NEW TECHNOLOGIES FOR PHOTOCATALYTIC PROXIMITY LABELING AND THE APPLICATION THEREOF TO STUDY IMID MECHANISM OF ACTION

Abstract

μMap is a proximity labeling platform that leverages photocatalytic activation of diazirines to enable high-resolution mapping of protein interactomes. This dissertation describes the technological expansion and biological application of μMap in novel contexts. In Chapter 2, a high-resolution photocatalyst-based proximity labeling technology using red light is disclosed. This platform is demonstrated through the identification of protein interactions in whole blood and will ultimately enable high- resolution photocatalytic proximity labeling in whole tissues and live animals. In Chapter 3, μMap is utilized to explore how IMiDs, a class of molecules prescribed for treating multiple myeloma malignancies, perturb the endogenous microenvironment of their protein target, Cereblon (CRBN).
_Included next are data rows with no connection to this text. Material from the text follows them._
lemma abs_inner_sgn_div_le:
  assumes "0 < d" "d \<le> \<sigma> * norm w"
  shows "\<bar>inner D (sgn w) / norm w\<bar> \<le> \<sigma> * (norm D / d)"
proof -
  have "0 < \<sigma> * norm w"
    using assms by linarith
  then have "0 < \<sigma>" "0 < norm w"
    by (simp_all add: zero_less_mult_iff)
  have "\<bar>inner D (sgn w)\<bar> \<le> norm D"
    using Cauchy_Schwarz_ineq2[of D "sgn w"] \<open>0 < norm w\<close> by (simp add: norm_sgn)
  then have "\<bar>inner D (sgn w) / norm w\<bar> \<le> norm D / norm w"
    by (simp add: abs_divide divide_right_mono)
  also have "\<dots> \<le> norm D / (d / \<sigma>)"
    using assms \<open>0 < \<sigma>\<close> \<open>0 < norm w\<close>
    by (intro divide_left_mono) (simp_all add: pos_divide_le_eq mult.commute)
  finally show ?thesis
    by (simp add: mult.commute)
qed

lemma ln_dist_change_le_qh_integral:
  assumes adm: "qh_admissible G x y g" and u: "0 \<le> u0" "u0 \<le> u1" "u1 \<le> 1"
    and pos: "\<And>z. z \<in> G \<Longrightarrow> 0 < dG G z"
    and near: "\<And>z. z \<in> G \<Longrightarrow> dG G z \<le> \<sigma> * norm (z - v)"
  shows "\<bar>ln (norm (g u1 - v)) - ln (norm (g u0 - v))\<bar>
           \<le> \<sigma> * integral {u0..u1} (\<lambda>t. norm (vector_derivative g (at t)) / dG G (g t))"
proof -
  define f where "f = (\<lambda>t. norm (vector_derivative g (at t)) / dG G (g t))"
  obtain K D where K: "finite K"
    and D: "\<And>t. t \<in> {0..1} - K \<Longrightarrow> (g has_vector_derivative D t) (at t)"
    using adm unfolding qh_admissible_def piecewise_C1_differentiable_on_def C1_differentiable_on_def
    by blast
  define H where "H t = (if t \<in> K then 0 else inner (D t) (sgn (g t - v)) / norm (g t - v))" for t
  have uI: "{u0..u1} \<subseteq> {0..1}"
    using u by auto
  have gG: "g t \<in> G" if "t \<in> {u0..u1}" for t
    using adm that uI by (auto simp: qh_admissible_def path_image_def)
  have pos_dist: "0 < \<sigma> * norm (g t - v)" if "t \<in> {u0..u1}" for t
    using pos[OF gG[OF that]] near[OF gG[OF that]] by linarith
  have "continuous_on {u0..u1} g"
    using adm uI by (auto simp: qh_admissible_def path_def intro: continuous_on_subset)
  then have ftc: "(H has_integral (ln (norm (g u1 - v)) - ln (norm (g u0 - v)))) {u0..u1}"
    unfolding H_def using D uI pos_dist
    by (intro has_integral_ln_dist[OF K u(2)]) (auto simp: zero_less_mult_iff)
  have H_le: "norm (H t) \<le> \<sigma> * f t" if t: "t \<in> {u0..u1}" for t
  proof (cases "t \<in> K")
    case True
    then show ?thesis
      using pos[OF gG[OF t]] pos_dist[OF t] by (simp add: H_def f_def zero_less_mult_iff)
  next
    case False
    then have "vector_derivative g (at t) = D t"
      using D t uI by (auto intro: vector_derivative_at)
    then show ?thesis
      using abs_inner_sgn_div_le[OF pos near, OF gG[OF t] gG[OF t]] False by (simp add: H_def f_def)
  qed
  have "f integrable_on {0..1}"
    using adm by (simp add: qh_admissible_def f_def)
  then have f_int: "f integrable_on {u0..u1}"
    by (rule integrable_subinterval_real[OF _ uI])
  have "\<bar>ln (norm (g u1 - v)) - ln (norm (g u0 - v))\<bar> = norm (integral {u0..u1} H)"
    using ftc by (simp add: integral_unique)
  also have "\<dots> \<le> integral {u0..u1} (\<lambda>t. \<sigma> * f t)"
    using ftc H_le integrable_on_mult_right[OF f_int]
    by (intro integral_norm_bound_integral) (auto simp: has_integral_integrable)
  also have "\<dots> = \<sigma> * integral {u0..u1} f"
    using integral_mult[OF f_int] by simp
  finally show ?thesis
    by (simp add: f_def)
qed

lemma qh_length_ge_two_vertices:
  assumes adm: "qh_admissible G x y g"
    and pos: "\<And>z. z \<in> G \<Longrightarrow> 0 < dG G z"
    and near_v: "\<And>z. z \<in> G \<Longrightarrow> dG G z \<le> \<sigma> * norm (z - v)"
    and near_w: "\<And>z. z \<in> G \<Longrightarrow> dG G z \<le> \<sigma> * norm (z - w)"
    and "v \<noteq> w" and x: "norm (x - v) \<le> norm (x - w)" and y: "norm (y - w) \<le> norm (y - v)"
  shows "2 * ln (dist v w / 2) - ln (norm (x - v)) - ln (norm (y - w)) \<le> \<sigma> * qh_length G g"
proof -
  define f where "f = (\<lambda>t. norm (vector_derivative g (at t)) / dG G (g t))"
  have g01: "g 0 = x" "g 1 = y" "continuous_on {0..1} g"
    using adm by (auto simp: qh_admissible_def pathstart_def pathfinish_def path_def)
  have "continuous_on {0..1} (\<lambda>t. norm (g t - v) - norm (g t - w))"
    using g01(3) by (intro continuous_intros)
  then have "\<exists>m. 0 \<le> m \<and> m \<le> 1 \<and> norm (g m - v) - norm (g m - w) = 0"
    using IVT'[of "\<lambda>t. norm (g t - v) - norm (g t - w)" 0 0 1] x y g01(1,2) by simp
  then obtain m where m: "0 \<le> m" "m \<le> 1" "norm (g m - v) = norm (g m - w)"
    by auto
  have gm: "g m \<in> G"
    using adm m by (auto simp: qh_admissible_def path_image_def)
  have "0 < \<sigma> * norm (g m - v)"
    using pos[OF gm] near_v[OF gm] by linarith
  then have "0 < norm (g m - v)"
    by (auto simp: zero_less_mult_iff)
  moreover have "dist v w / 2 \<le> norm (g m - v)"
    using dist_triangle3[of v w "g m"] m(3) by (simp add: dist_norm)
  ultimately have mid: "ln (dist v w / 2) \<le> ln (norm (g m - v))"
    using \<open>v \<noteq> w\<close> by simp
  have "\<bar>ln (norm (g m - v)) - ln (norm (g 0 - v))\<bar> \<le> \<sigma> * integral {0..m} f"
    unfolding f_def by (rule ln_dist_change_le_qh_integral[OF adm order_refl m(1,2) pos near_v])
  moreover have "\<bar>ln (norm (g 1 - w)) - ln (norm (g m - w))\<bar> \<le> \<sigma> * integral {m..1} f"
    unfolding f_def by (rule ln_dist_change_le_qh_integral[OF adm m(1,2) order_refl pos near_w])
  moreover have f_int: "f integrable_on {0..1}"
    using adm by (simp add: qh_admissible_def f_def)
  then have "\<sigma> * qh_length G g = \<sigma> * integral {0..m} f + \<sigma> * integral {m..1} f"
    using Henstock_Kurzweil_Integration.integral_combine[OF m(1,2) f_int]
    by (simp add: qh_length_def f_def flip: distrib_left)
  ultimately show ?thesis
    using mid unfolding m(3) g01(1,2) abs_le_iff by linarith
qed

lemma kG_ge_two_vertices:
  assumes G: "open G" "convex G" "frontier G \<noteq> {}" and xy: "x \<in> G" "y \<in> G"
    and near_v: "\<And>z. z \<in> G \<Longrightarrow> dG G z \<le> \<sigma> * norm (z - v)"
    and near_w: "\<And>z. z \<in> G \<Longrightarrow> dG G z \<le> \<sigma> * norm (z - w)"
    and "v \<noteq> w" and "norm (x - v) \<le> norm (x - w)" and "norm (y - w) \<le> norm (y - v)"
  shows "2 * ln (dist v w / 2) - ln (norm (x - v)) - ln (norm (y - w)) \<le> \<sigma> * kG G x y"
proof -
  let ?c = "2 * ln (dist v w / 2) - ln (norm (x - v)) - ln (norm (y - w))"
  have pos: "\<And>z. z \<in> G \<Longrightarrow> 0 < dG G z"
    using dG_pos[OF G(1,3)] .
  have "0 < \<sigma> * norm (x - v)"
    using pos[OF xy(1)] near_v[OF xy(1)] by linarith
  then have "0 < \<sigma>"
    by (auto simp: zero_less_mult_iff)
  have "?c / \<sigma> \<le> Inf {qh_length G g | g. qh_admissible G x y g}"
  proof (rule cInf_greatest)
    show "{qh_length G g | g. qh_admissible G x y g} \<noteq> {}"
      using qh_admissible_linepath[OF G(2,1,3) xy] by blast
  next
    fix l assume "l \<in> {qh_length G g | g. qh_admissible G x y g}"
    then show "?c / \<sigma> \<le> l"
      using qh_length_ge_two_vertices[OF _ pos near_v near_w] assms(8-) \<open>0 < \<sigma>\<close>
      by (auto simp: divide_le_eq mult.commute)
  qed
  then show ?thesis
    using \<open>0 < \<sigma>\<close> by (simp add: kG_def divide_le_eq mult.commute)
qed
lemma has_field_derivative_divideI:
  fixes f g :: "'a::real_normed_field \<Rightarrow> 'a"
  assumes "(f has_field_derivative f') (at x)" "(g has_field_derivative g') (at x)"
    and "g x \<noteq> 0" "d \<noteq> 0" "(f' * g x - f x * g') * d = n * (g x)^2"
  shows "((\<lambda>x. f x / g x) has_field_derivative n / d) (at x)"
proof -
  have "(f' * g x - f x * g') / (g x * g x) = n / d"
    using assms(3-5) by (simp add: frac_eq_eq power2_eq_square)
  with DERIV_divide[OF assms(1-3)] show ?thesis by simp
qed

definition ysol' :: "complex \<Rightarrow> complex" where
  "ysol' s = - (s - 3) * (s^4 + 6 * s^3 - 2 * s^2 + 18 * s + 9) / (3 * (s + 3)^2 * (s - 1)^3)"

definition tsol' :: "complex \<Rightarrow> complex" where
  "tsol' s = - 12 * ((s + 1) * (s - 3))^2 * (s^2 + 3) / ((s - 1) * (s + 3))^4"

definition slope :: "complex \<Rightarrow> complex" where
  "slope s = (s - 1) * (s + 3)^2 * (s^4 + 6 * s^3 - 2 * s^2 + 18 * s + 9)
             / (36 * (s + 1)^2 * (s - 3) * (s^2 + 3))"

definition slope' :: "complex \<Rightarrow> complex" where
  "slope' s = s * (s + 3) * (s^8 - 18 * s^6 - 224 * s^4 - 270 * s^2 - 513)
              / (18 * (s + 1)^3 * (s - 3)^2 * (s^2 + 3)^2)"

lemma has_field_derivative_ysol:
  assumes "s \<noteq> 1" "s \<noteq> -3"
  shows "(ysol has_field_derivative ysol' s) (at s)"
  unfolding ysol_def[abs_def] ysol'_def
proof (rule has_field_derivative_divideI)
  show "3 * (s + 3) * (s - 1)^2 \<noteq> 0" "3 * (s + 3)^2 * (s - 1)^3 \<noteq> 0"
    using assms by (auto simp: add_eq_0_iff2)
qed ((rule derivative_eq_intros refl)+, simp, algebra)

lemma has_field_derivative_tsol:
  assumes "s \<noteq> 1" "s \<noteq> -3"
  shows "(tsol has_field_derivative tsol' s) (at s)"
proof -
  have "tsol = (\<lambda>s. - (((s + 1) * (s - 3))^3) / ((s - 1) * (s + 3))^3)"
    unfolding tsol_def by (simp add: power_divide)
  moreover have "((\<lambda>s. - (((s + 1) * (s - 3))^3) / ((s - 1) * (s + 3))^3)
                   has_field_derivative tsol' s) (at s)"
    unfolding tsol'_def
  proof (rule has_field_derivative_divideI)
    show "((s - 1) * (s + 3))^3 \<noteq> 0" "((s - 1) * (s + 3))^4 \<noteq> 0"
      using assms by (auto simp: add_eq_0_iff2)
  qed ((rule derivative_eq_intros refl)+, simp, algebra)
  ultimately show ?thesis by simp
qed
Using μMap, we discover novel endogenous interactors of CRBN and uncover a new mechanism of action for IMiDs as protein-protein interaction inhibitors of CRBN function. Contrary to CRBN’s role as an E3 ligase adaptor for directing ubiquitination and degradation of proteins, IMiD-mediated displacement between CRBN and the novel endogenous interactors results in their destabilization. This mechanism is distinct from the ability of IMiDs to induce targeted protein degradation of IKZF1 and IKZF3 and could potentially explain the diverse phenotypes observed in IMiD-treated patients.